副耳は通常皮膚組織のみを含み、柔らかい感触をしていますが、硬くコリコリとしている場合には、軟骨組織が含まれていることもあります。

一般的に、他に自覚症状は認めないものの、副耳の根元に湿疹ができることもあります。このほか、軽度の耳の変形を伴うケースもあります。

副耳の検査・診断

副耳は外観から観察できるため、特別な検査は行われません。生まれてすぐに耳の近くにイボ状の突起を認める場合には、副耳と診断されます。

副耳の治療

副耳では、一般的に特別な治療は必要ありません。しかし、副耳の根本に湿疹ができやすい場合があるほか、美容面に配慮して保護者が治療を希望するケースもあります。そのような場合には、外科的な治療が考慮されます。

副耳の外科的治療には、「結紮術(けっさつじゅつ)」と「切除術」があります。

結紮術

副耳が小さい場合や軟骨組織を含まない場合には結紮術(けっさつじゅつ)が考慮されることがあります。ただし、実際には軟骨組織を含む副耳のケースが多く、現在はあまり行われていない治療方法です。

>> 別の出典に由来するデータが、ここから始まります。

(* Let $(X,\mu)$ be a non-atomic probability measure space, $\mathcal{T}$ a tree on $X$, $\mathcal{M}=\mathcal{M}_{\mathcal{T}}$ the associated maximal operator, $p>1$, $k=p/(p-1)$, $F>0$ and $0<f\le kF$. Let $$B_1(f,F)=\sup\Big\{\|\mathcal{M}\phi\|_{p,\infty} : \phi\ge0,\ \int_X\phi\,d\mu=f,\ \|\phi\|_{p,\infty}=F\Big\}.$$ Then $B_1(f,F)=kF$.
   Context: A tree on $(X,\mu)$ is a set $\mathcal{T}$ of measurable subsets of $X$ such that: (i) $X\in\mathcal{T}$ and $\mu(I)>0$ for every $I\in\mathcal{T}$; (ii) every $I\in\mathcal{T}$ has an associated finite subset $\mathcal{C}(I)\subseteq\mathcal{T}$ with at least two elements, whose elements are pairwise almost disjoint (i.e. intersections have measure zero) subsets of $I$ with union $I$; (iii) $\mathcal{T}=\bigcup_{m\ge0}\mathcal{T}_{(m)}$ where $\mathcal{T}_{(0)}=\{X\}$ and $\mathcal{T}_{(m+1)}=\bigcup_{I\in\mathcal{T}_{(m)}}\mathcal{C}(I)$; (iv) $\lim_{m\to\infty}\sup_{I\in\mathcal{T}_{(m)}}\mu(I)=0$. The associated maximal operator is $\mathcal{M}_{\mathcal{T}}\phi(x)=\sup\{\frac{1}{\mu(I)}\int_I|\phi|\,d\mu : x\in I\in\mathcal{T}\}$ for $\phi\in L^1(X,\mu)$. $\|g\|_{p,\infty}=\sup\{\lambda\,\mu(\{|g|>\lambda\})^{1/p}:\lambda>0\}$. *)

theory Defs
  imports "HOL-Probability.Probability"
begin

definition nonatomic :: "'a measure \<Rightarrow> bool" where
  "nonatomic M \<longleftrightarrow>
     (\<forall>A\<in>sets M. 0 < emeasure M A \<longrightarrow>
        (\<exists>B\<in>sets M. B \<subseteq> A \<and> 0 < emeasure M B \<and> emeasure M B < emeasure M A))"

primrec tree_level :: "'a set \<Rightarrow> ('a set \<Rightarrow> 'a set set) \<Rightarrow> nat \<Rightarrow> 'a set set" where
  "tree_level X C 0 = {X}"
| "tree_level X C (Suc m) = \<Union> (C ` tree_level X C m)"

definition is_tree :: "'a measure \<Rightarrow> 'a set set \<Rightarrow> ('a set \<Rightarrow> 'a set set) \<Rightarrow> bool" where
  "is_tree M T C \<longleftrightarrow>
     space M \<in> T \<and>
     (\<forall>I\<in>T. I \<in> sets M \<and> 0 < measure M I) \<and>
     (\<forall>I\<in>T. finite (C I) \<and> 2 \<le> card (C I) \<and> C I \<subseteq> T \<and>
        (\<forall>J1\<in>C I. \<forall>J2\<in>C I. J1 \<noteq> J2 \<longrightarrow> measure M (J1 \<inter> J2) = 0) \<and>
        (\<forall>J\<in>C I. J \<subseteq> I) \<and> \<Union> (C I) = I) \<and>
     T = (\<Union>m. tree_level (space M) C m) \<and>
     (\<lambda>m. SUP I\<in>tree_level (space M) C m. measure M I) \<longlonglongrightarrow> 0"

definition tree_maximal :: "'a measure \<Rightarrow> 'a set set \<Rightarrow> ('a \<Rightarrow> real) \<Rightarrow> 'a \<Rightarrow> ennreal" where
  "tree_maximal M T \<phi> x =
     (SUP I\<in>{I\<in>T. x \<in> I}. ennreal ((LINT y:I|M. \<bar>\<phi> y\<bar>) / measure M I))"

text \<open>Weak L^p quasi-norm of an [0,\<infinity>]-valued function:
  sup over \<lambda>>0 of \<lambda> \<mu>({|g|>\<lambda>})^(1/p).  (M is finite in our application.)\<close>
definition weak_norm :: "'a measure \<Rightarrow> real \<Rightarrow> ('a \<Rightarrow> ennreal) \<Rightarrow> ennreal" where
  "weak_norm M p g =
     (SUP t\<in>{0<..}. ennreal (t * (measure M {x\<in>space M. ennreal t < g x}) powr (1 / p)))"

end

theory Submission
  imports Defs
begin

text \<open>
  Upper bound: by a Calder\'on--Zygmund stopping-time argument the level set \<open>{\<M>\<phi> > t}\<close>
  is an increasing union of almost disjoint unions \<open>G\<close> of tree nodes with \<open>t \<mu>(G) \<le> \<integral>\<^sub>G \<phi>\<close>,
  while the layer-cake formula and the weak-norm bound \<open>\<mu>{\<phi> > s} \<le> (F/s)^p\<close> give
  \<open>\<integral>\<^sub>G \<phi> \<le> kF \<mu>(G)^{1-1/p}\<close>; hence \<open>t \<mu>(G)^{1/p} \<le> kF\<close>.

  Lower bound (sharpness): non-atomicity yields a uniformly distributed variable \<open>u\<close>
  whose initial segment \<open>{u < \<mu>(I)}\<close> is a prescribed tree node \<open>I\<close> of small measure.
  The extremal function \<open>F u^{-1/p}\<close> on \<open>{u < a}\<close> has distribution \<open>min(a, (F/s)^p)\<close>,
  hence integral \<open>kF a^{1-1/p} = f\<close> and weak norm \<open>F\<close>, and its average over \<open>I\<close> is at
  least \<open>kF \<mu>(I)^{-1/p}\<close>, so \<open>\<parallel>\<M>\<phi>\<parallel>\<^sub>p\<^sub>,\<^sub>\<infinity> \<ge> kF\<close>.
\<close>

context finite_measure
begin
(* Let $\mathcal{J}$ be a finite set, $\mathcal{J}_0=\mathcal{J}\cup\{0\}$, $(\Omega,P)$ a Borel probability space and $\mathcal{U}:\Omega\times\mathcal{J}_0\times\mathbb{R}\to\mathbb{R}$ satisfying the regularity and no-indifference assumptions in the context. Assume moreover: (i) for each $\varepsilon\in\Omega$ and $j\in\mathcal{J}$ the map $\delta\mapsto\mathcal{U}_{\varepsilon j}(\delta)$ is invertible; (ii) the random vector $Z_0\in\mathbb{R}^{\mathcal{J}}$ with components $Z_{0j}=\mathcal{U}_{\varepsilon j}^{-1}(\mathcal{U}_{\varepsilon 0}(0))$, $\varepsilon\sim P$, has a non-vanishing density on $\mathbb{R}^{\mathcal{J}}$. Then $\tilde\sigma^{-1}(s)$ has a single element for every $s\in\mathbb{R}^{\mathcal{J}_0}$ with $s_j>0$ for all $j$ and $\sum_j s_j=1$.
   Context: Regularity: for every $j\in\mathcal{J}_0$ and $\delta\in\mathbb{R}$, $\varepsilon\mapsto\mathcal{U}_{\varepsilon j}(\delta)$ is measurable, and for every $\varepsilon$, $j$, $\delta\mapsto\mathcal{U}_{\varepsilon j}(\delta)$ is increasing and continuous. No indifference: for all distinct $j,j'\in\mathcal{J}_0$ and all $\delta,\delta'$, $P(\mathcal{U}_{\varepsilon j}(\delta)=\mathcal{U}_{\varepsilon j'}(\delta'))=0$. For $\delta\in\mathbb{R}^{\mathcal{J}_0}$, $\sigma_j(\delta)=P(\varepsilon:\mathcal{U}_{\varepsilon j}(\delta_j)\ge\max_{j'\in\mathcal{J}_0}\mathcal{U}_{\varepsilon j'}(\delta_{j'}))$. For $\delta\in\mathbb{R}^{\mathcal{J}}$, $\tilde\sigma(\delta)=\sigma((0,\delta))$ (normalization $\delta_0=0$), and $\tilde\sigma^{-1}(s)=\{\delta\in\mathbb{R}^{\mathcal{J}}:\tilde\sigma(\delta)=s\}$. *)

theory Defs
  imports "HOL-Probability.Probability"
begin

text \<open>Inside options are indexed by a finite type 'j (the set J); the set
  J0 = J \<union> {0} is modelled by 'j option, with None playing the role of
  the outside option 0.  U eps j d is the utility of option j at mean value d.\<close>

definition share :: "'e measure \<Rightarrow> ('e \<Rightarrow> 'j option \<Rightarrow> real \<Rightarrow> real)
    \<Rightarrow> ('j option \<Rightarrow> real) \<Rightarrow> 'j option \<Rightarrow> real" where
  "share M U \<delta> j = measure M {\<epsilon> \<in> space M. \<forall>j'. U \<epsilon> j' (\<delta> j') \<le> U \<epsilon> j (\<delta> j)}"

definition share_tilde :: "'e measure \<Rightarrow> ('e \<Rightarrow> 'j option \<Rightarrow> real \<Rightarrow> real)
    \<Rightarrow> real^'j \<Rightarrow> 'j option \<Rightarrow> real" where
  "share_tilde M U \<delta> = share M U (\<lambda>j. case j of None \<Rightarrow> 0 | Some k \<Rightarrow> \<delta> $ k)"

definition share_tilde_inv :: "'e measure \<Rightarrow> ('e \<Rightarrow> 'j option \<Rightarrow> real \<Rightarrow> real)
    \<Rightarrow> ('j option \<Rightarrow> real) \<Rightarrow> (real^'j) set" where
  "share_tilde_inv M U s = {\<delta>. share_tilde M U \<delta> = s}"

end

theory Submission
  imports Defs
begin

text \<open>
  Let \<open>Z\<close> (\<open>tie_point\<close>) be the random vector of the density hypothesis: \<open>Z\<^sub>k\<close> is the mean utility
  at which inside option \<open>k\<close> ties with the outside option. Being real valued, its components
  have vanishing tails.

  Existence is Berry's construction. Call \<open>\<delta>\<close> a subsolution if all inside shares at \<open>\<delta>\<close> are at
  most the targets. A very negative constant vector is a subsolution, and subsolutions are bounded
  above, since a large \<open>\<delta>\<^sub>k\<close> would push the outside share below its target. The componentwise
  supremum of all subsolutions is again one, because each share is left-continuous in its own
  mean utility (ties are null). It solves every inside equation: otherwise right-continuity would
  allow raising one component, which only lowers the other shares. The outside equation follows
  because shares sum to one.

  Uniqueness: suppose the shares agree at \<open>\<delta>\<close> and \<open>\<delta>'\<close> with \<open>\<delta>\<^sub>k > \<delta>'\<^sub>k\<close>, and let \<open>S\<close> be the options
  whose mean utility does not decrease from \<open>\<delta>\<close> to \<open>\<delta>'\<close>, among them the outside option. Whoever
  chooses from \<open>S\<close> at \<open>\<delta>\<close> still does so at \<open>\<delta>'\<close>. In addition, consumers with \<open>Z > \<delta>'\<close> and
  \<open>Z\<^sub>k < \<delta>\<^sub>k\<close> prefer \<open>k\<close> to all of \<open>S\<close> at \<open>\<delta>\<close> but take the outside option at \<open>\<delta>'\<close>. As \<open>Z\<close> has a
  positive density, they have positive probability, so the total share of \<open>S\<close> strictly grows.
\<close>

lemma (in prob_space) measure_distributed_open_pos:
  fixes X :: "'a \<Rightarrow> 'b::euclidean_space"
  assumes X: "distributed M lborel X f" and f_pos: "\<And>z. 0 < f z"
    and "open S" "S \<noteq> {}"
  shows "0 < measure M (X -` S \<inter> space M)"
proof (rule ccontr)
  assume "\<not> 0 < measure M (X -` S \<inter> space M)"
  then have "emeasure M (X -` S \<inter> space M) = 0"
    by (simp add: emeasure_eq_measure zero_less_measure_iff)
  moreover have "emeasure M (X -` S \<inter> space M) = emeasure (distr M lborel X) S"
    using X \<open>open S\<close> by (intro emeasure_distr[symmetric]) (auto simp: distributed_def)
  moreover have "distr M lborel X = density lborel f"
    using X by (simp add: distributed_def)
  ultimately have "S \<in> null_sets (density lborel f)"
    using \<open>open S\<close> by (simp add: null_sets_def)
  then have "AE z in lborel. z \<in> S \<longrightarrow> f z = 0"
    using X by (simp add: null_sets_density_iff distributed_def)
  then have "AE z in lborel. z \<notin> S"
    by eventually_elim (metis f_pos order_less_irrefl)
  then have "S \<in> null_sets lborel"
    using \<open>open S\<close> by (simp add: AE_iff_null_sets)
  then have "negligible S"
    by (simp add: negligible_iff_null_sets null_sets_completionI)
  with open_not_negligible \<open>open S\<close> \<open>S \<noteq> {}\<close> show False by blast
qed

結紮術では、副耳の根元を縛り、血流を途絶えさせて1〜2週間で自然に壊死脱落するのを待ちます。結紮術は生後すぐに行うことが可能で、麻酔の必要はありません。

切除術

副耳に軟骨組織が含まれる場合には、結紮術を行ってもイボを完全に取り除くことができません。そのため、軟骨組織を含む副耳では切除術が考慮されます。

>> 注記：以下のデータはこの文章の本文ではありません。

(* Let $Y=\mathbf{F}_e$ and let $A\equiv C_0+bf$ be a very ample divisor on $Y$. Let $P_1,\dots,P_r$ be $r$ distinct points of $Y$, no two on the same fibre, and let $F=\{f_1,\dots,f_r\}$ where $f_i=\rho^*(\rho(P_i))$ is the fibre through $P_i$. If $h^0(Y,A)\ge2r$, then for any fixed finite set $\Phi$ of fibres with $\Phi\cap F=\emptyset$ there exists at least one element $\gamma\in|A|$ which passes through $P_1,\dots,P_r$, is smooth at each $P_i$, and intersects every fibre of $\Phi$ transversely.
   Context: $\mathbf{F}_e=\mathbb{P}(\mathcal{O}_{\mathbb{P}^1}\oplus\mathcal{O}_{\mathbb{P}^1}(-e))$, $e\ge0$, with ruling $\rho:\mathbf{F}_e\to\mathbb{P}^1$; $C_0$ ($C_0^2=-e$) and $f$ (fibre class) are the standard generators of $\mathrm{Pic}(\mathbf{F}_e)$. *)

theory Defs
  imports Complex_Main
begin

(* Concrete model of the Hirzebruch surface F_e over the complex numbers, via Cox
   (homogeneous) coordinates (t0,t1,x0,x1), (t0,t1) <> 0, (x0,x1) <> 0, modulo
   (t0,t1,x0,x1) ~ (l*t0, l*t1, m*l^e*x0, m*x1), l,m <> 0.
   Classes: t0,t1 ~ f ; x0 ~ C_0 + e f ; x1 ~ C_0 (the curve x1 = 0 is C_0, C_0^2 = -e).
   The ruling rho sends the class of (t0,t1,x0,x1) to [t0:t1] in P^1. *)

type_synonym pt = "complex \<times> complex \<times> complex \<times> complex"

definition valid_pt :: "pt \<Rightarrow> bool" where
  "valid_pt p = (case p of (t0,t1,x0,x1) \<Rightarrow> (t0,t1) \<noteq> (0,0) \<and> (x0,x1) \<noteq> (0,0))"

definition same_fibre :: "pt \<Rightarrow> pt \<Rightarrow> bool" where
  "same_fibre p q = (case p of (t0,t1,_,_) \<Rightarrow> case q of (s0,s1,_,_) \<Rightarrow> t0 * s1 = t1 * s0)"

(* the point [tau0:tau1] of P^1 (tau <> 0) is rho(p) *)
definition on_fibre :: "complex \<times> complex \<Rightarrow> pt \<Rightarrow> bool" where
  "on_fibre tau p = (case tau of (a0,a1) \<Rightarrow> case p of (t0,t1,_,_) \<Rightarrow> a1 * t0 - a0 * t1 = 0)"
text \<open>A family of heavy pairs with disjoint halos is finite, since the descendant sets
  are disjoint, nonempty (K >= 1) and contained in the finite set of words of length N.\<close>
lemma finite_separated_heavy:
  assumes "K \<ge> 1" "C \<subseteq> heavy \<theta> N K" "pairwise (\<lambda>i j. disjnt (halo i) (halo j)) C"
  shows "finite C"
proof (rule ccontr)
  assume "infinite C"
  moreover have "descendants \<theta> N i \<noteq> {}" if "i \<in> C" for i
  proof -
    have "K \<le> real (card (cluster \<theta> (fst i) (snd i)))"
      using that assms(2) by (auto simp: heavy_iff)
    then have "cluster \<theta> (fst i) (snd i) \<noteq> {}" using assms(1) by auto
    then show ?thesis unfolding descendants_def using Alph_nonempty by simp
  qed
  moreover have "disjoint_family_on (descendants \<theta> N) C"
    using separated_descendants_disjoint[OF assms(2,3)] .
  ultimately have "infinite (\<Union>i\<in>C. descendants \<theta> N i)"
    by (rule infinite_disjoint_family_imp_infinite_UNION)
  moreover have "(\<Union>i\<in>C. descendants \<theta> N i) \<subseteq> Alph N"
    using assms(2) by (rule descendants_UN_subset)
  ultimately show False using finite_Alph finite_subset by blast
qed

lemma card_free_words:
  assumes "C \<subseteq> heavy \<theta> N K" "finite C" "pairwise (\<lambda>i j. disjnt (halo i) (halo j)) C"
  shows "real (card (Alph N - (\<Union>i\<in>C. descendants \<theta> N i)))
           \<le> 3^N * (1 - K * (\<Sum>i\<in>C. 1/3^fst i))"
proof -
  define U where "U = (\<Union>i\<in>C. descendants \<theta> N i)"
  have U_sub: "U \<subseteq> Alph N" unfolding U_def using assms(1) by (rule descendants_UN_subset)
  have card_U: "card U = (\<Sum>i\<in>C. card (descendants \<theta> N i))"
    unfolding U_def
  proof (rule card_UN_disjoint'[OF separated_descendants_disjoint[OF assms(1,3)] _ assms(2)])
    fix i assume "i \<in> C"
    then have "descendants \<theta> N i \<subseteq> Alph N" using descendants_UN_subset[OF assms(1)] by blast
    then show "finite (descendants \<theta> N i)" using finite_Alph by (rule finite_subset)
  qed
  have "3^N * (K * (\<Sum>i\<in>C. 1/3^fst i)) = (\<Sum>i\<in>C. K * 3^(N - fst i))"
    unfolding sum_distrib_left
  proof (rule sum.cong)
    fix i assume "i \<in> C"
    then have "fst i \<le> N" using assms(1) by (auto simp: heavy_iff)
    then have "(3::real)^N = 3^fst i * 3^(N - fst i)" by (metis le_add_diff_inverse power_add)
    then show "3^N * (K * (1/3^fst i)) = K * 3^(N - fst i)" by simp
  qed simp
  also have "\<dots> \<le> (\<Sum>i\<in>C. real (card (cluster \<theta> (fst i) (snd i))) * 3^(N - fst i))"
    using assms(1) by (intro sum_mono mult_right_mono) (auto simp: heavy_iff)
  also have "\<dots> = real (card U)"
    unfolding card_U of_nat_sum by (rule sum.cong) (simp_all add: card_descendants)
  finally have U_large: "3^N * (K * (\<Sum>i\<in>C. 1/3^fst i)) \<le> real (card U)" .
  have "real (card (Alph N - U)) = 3^N - real (card U)"
    using card_Diff_subset[OF finite_subset[OF U_sub finite_Alph] U_sub] card_mono[OF finite_Alph U_sub]
    by (simp add: card_Alph of_nat_diff)
  then show ?thesis
    using U_large unfolding U_def by (simp add: right_diff_distrib)
qed

lemma Pset_subset_halos_copies:
  assumes "C \<subseteq> heavy \<theta> N K"
  shows "Pset \<theta> (N + r) \<subseteq> (\<Union>i\<in>C. halo i) \<union>
           (\<Union>g\<in>Alph N - (\<Union>i\<in>C. descendants \<theta> N i). copy \<theta> N r g)"
proof
  fix t assume "t \<in> Pset \<theta> (N + r)"
  then obtain g where g: "g \<in> Alph N" "t \<in> copy \<theta> N r g"
    using Pset_subset_copies by blast
  show "t \<in> (\<Union>i\<in>C. halo i) \<union> (\<Union>g\<in>Alph N - (\<Union>i\<in>C. descendants \<theta> N i). copy \<theta> N r g)"
  proof (cases "g \<in> (\<Union>i\<in>C. descendants \<theta> N i)")
    case True
    then obtain i where "i \<in> C" "g \<in> descendants \<theta> N i" by blast
    then have "t \<in> halo i" using copy_descendant_subset_halo assms g(2) by blast
    then show ?thesis using \<open>i \<in> C\<close> by blast
  next
    case False
    then show ?thesis using g by blast
  qed
qed

lemma measure_Pset_decay:
  fixes r :: nat
  assumes C: "C \<subseteq> heavy \<theta> N K" "finite C" "pairwise (\<lambda>i j. disjnt (halo i) (halo j)) C"
  defines "L \<equiv> measure lebesgue (Pset \<theta> r)" and "\<sigma> \<equiv> (\<Sum>i\<in>C. 1/3^fst i)"
  shows "measure lebesgue (Pset \<theta> (N + r)) \<le> L - (K * L - 4) * \<sigma>"
proof -
  define R where "R = Alph N - (\<Union>i\<in>C. descendants \<theta> N i)"
  have finR: "finite R" unfolding R_def using finite_Alph by simp
  have halos: "(\<Union>i\<in>C. halo i) \<in> fmeasurable lebesgue"
    using C(2) by (intro fmeasurable.finite_UN) (auto simp: halo_def)
  have copies: "(\<Union>g\<in>R. copy \<theta> N r g) \<in> fmeasurable lebesgue"
    using finR by (intro fmeasurable.finite_UN) (auto simp: copy_lmeasurable)
  have "measure lebesgue (Pset \<theta> (N + r))
          \<le> measure lebesgue ((\<Union>i\<in>C. halo i) \<union> (\<Union>g\<in>R. copy \<theta> N r g))"
    using Pset_subset_halos_copies[OF C(1)] Pset_lmeasurable halos copies unfolding R_def
    by (intro measure_mono_fmeasurable) auto
  also have "\<dots> \<le> measure lebesgue (\<Union>i\<in>C. halo i) + measure lebesgue (\<Union>g\<in>R. copy \<theta> N r g)"
    using halos copies by (intro measure_Un_le) auto
  also have "measure lebesgue (\<Union>i\<in>C. halo i) \<le> (\<Sum>i\<in>C. measure lebesgue (halo i))"
    using C(2) by (intro measure_UNION_le) (auto simp: halo_def)
  also have "\<dots> = 4 * \<sigma>" unfolding \<sigma>_def measure_halo sum_distrib_left ..
  also have "measure lebesgue (\<Union>g\<in>R. copy \<theta> N r g) \<le> (\<Sum>g\<in>R. measure lebesgue (copy \<theta> N r g))"
    using finR by (intro measure_UNION_le) (auto simp: copy_lmeasurable fmeasurableD)
  also have "\<dots> = real (card R) * (L / 3^N)" by (simp add: measure_copy L_def)
  also have "\<dots> \<le> 3^N * (1 - K * \<sigma>) * (L / 3^N)"
    using card_free_words[OF C] unfolding R_def \<sigma>_def L_def by (intro mult_right_mono) auto
  finally show ?thesis by (simp add: algebra_simps)
qed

切除術には全身麻酔が必要であるため、通常1歳以降に行われます。耳の変形などの形態異常を伴う場合には、それに対する手術を同時に行うこともあります。
術後はできるだけ患部を触らないようにして、適切に消毒を行うことが重要です。

結紮術、切除術ともに術後は傷跡が残りますが、次第に目立たなくなります。

副耳になりやすい人・予防の方法

副耳は胎児期に耳の成長過程で発生するため、予防することは困難です。

なりやすい人についてもはっきりしたことは分かっていませんが、遺伝性のこともあるため、両親や祖父母などに副耳があると、生まれくる赤ちゃんにも副耳ができる可能性が高まります。ただし、遺伝とは関係なく、胎児期の成長過程で偶然発生することもあります。

生まれてすぐ耳の近くにイボ状の突起を認める場合には、医師による診断を受け適切な治療を受けましょう。